A new report from the Centers for Disease Control and Prevention confirms what too many students across the country already know: The incidence of mass homicides on school campuses has risen steeply in recent years, as has their toll.

The uptick in antidepressant prescribing was least evident when a school shooting occurred in an area with many social workers and psychologists but few child psychiatrists — the principal prescribers of antidepressants. Rossin-Slater reckons that in such areas, the caseloads of psychologists and social workers would be a better gauge of rising depression rates.

Another key finding: School shootings appear more likely to upend the mental health of a community’s children than to disturb the emotional well-being of adults. While antidepressant prescriptions to young people rose near schools where a fatal shooting took place, there was no corresponding hike in antidepressant prescribing to adults.

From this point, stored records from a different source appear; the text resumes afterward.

(* Let $n\ge 2k+1$, $k\ge1$, and let $U=(u_0,u_1,\dots,u_i)$ be a path in $J(n;k,k+1)$. Then: (i) if $i=3$, there is exactly one cycle of length $6$ in $J(n;k,k+1)$ containing $U$; (ii) if $i=2$ and $u_2\in V_1$, there are exactly $n-k-1$ cycles of length $6$ containing $U$; (iii) if $i=2$ and $u_2\in V_2$, there are exactly $k$ cycles of length $6$ containing $U$; (iv) if $i=1$, there are exactly $k(n-k-1)$ cycles of length $6$ containing $U$.
   Context: The doubled Johnson graph $J(n;k,k+1)$ is the bipartite graph with vertex set $V_1\cup V_2$, where $V_1=\binom{[n]}{k}$ and $V_2=\binom{[n]}{k+1}$ are the sets of $k$-subsets and $(k+1)$-subsets of $[n]=\{1,\dots,n\}$, and two vertices $u,v$ are adjacent iff $u\subset v$ or $v\subset u$. A path $(u_0,\dots,u_i)$ is a sequence of distinct vertices with consecutive ones adjacent; a cycle contains the path if it contains all its vertices and edges. *)

theory Defs
  imports Main
begin

definition V1 :: "nat \<Rightarrow> nat \<Rightarrow> nat set set" where
  "V1 n k = {A. A \<subseteq> {1..n} \<and> card A = k}"

definition V2 :: "nat \<Rightarrow> nat \<Rightarrow> nat set set" where
  "V2 n k = {A. A \<subseteq> {1..n} \<and> card A = Suc k}"

definition jadj :: "nat \<Rightarrow> nat \<Rightarrow> nat set \<Rightarrow> nat set \<Rightarrow> bool" where
  "jadj n k u v \<longleftrightarrow> u \<in> V1 n k \<union> V2 n k \<and> v \<in> V1 n k \<union> V2 n k \<and> (u \<subset> v \<or> v \<subset> u)"

definition is_path :: "nat \<Rightarrow> nat \<Rightarrow> nat set list \<Rightarrow> bool" where
  "is_path n k us \<longleftrightarrow> us \<noteq> [] \<and> distinct us \<and> set us \<subseteq> V1 n k \<union> V2 n k \<and>
     (\<forall>j. Suc j < length us \<longrightarrow> jadj n k (us ! j) (us ! Suc j))"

That suggests that the uptick in antidepressant prescribing for children is not simply the result of doctors’ heightened sensitivity to mental health problems: If it were, an uptick would probably be seen in an area’s adults too. Instead, Rossin-Slater said, the rise in antidepressant prescribing to kids and young adults reflects a genuine deterioration of mental health that is unique to students in or nearby the affected school.

The study suggests that some of the ways schools cope with student suicides might prove useful in the aftermath of a school shooting, Olfson said. Although suicides are rarely as public as school shootings, both events seem to set off a contagion of deteriorating mental health among students.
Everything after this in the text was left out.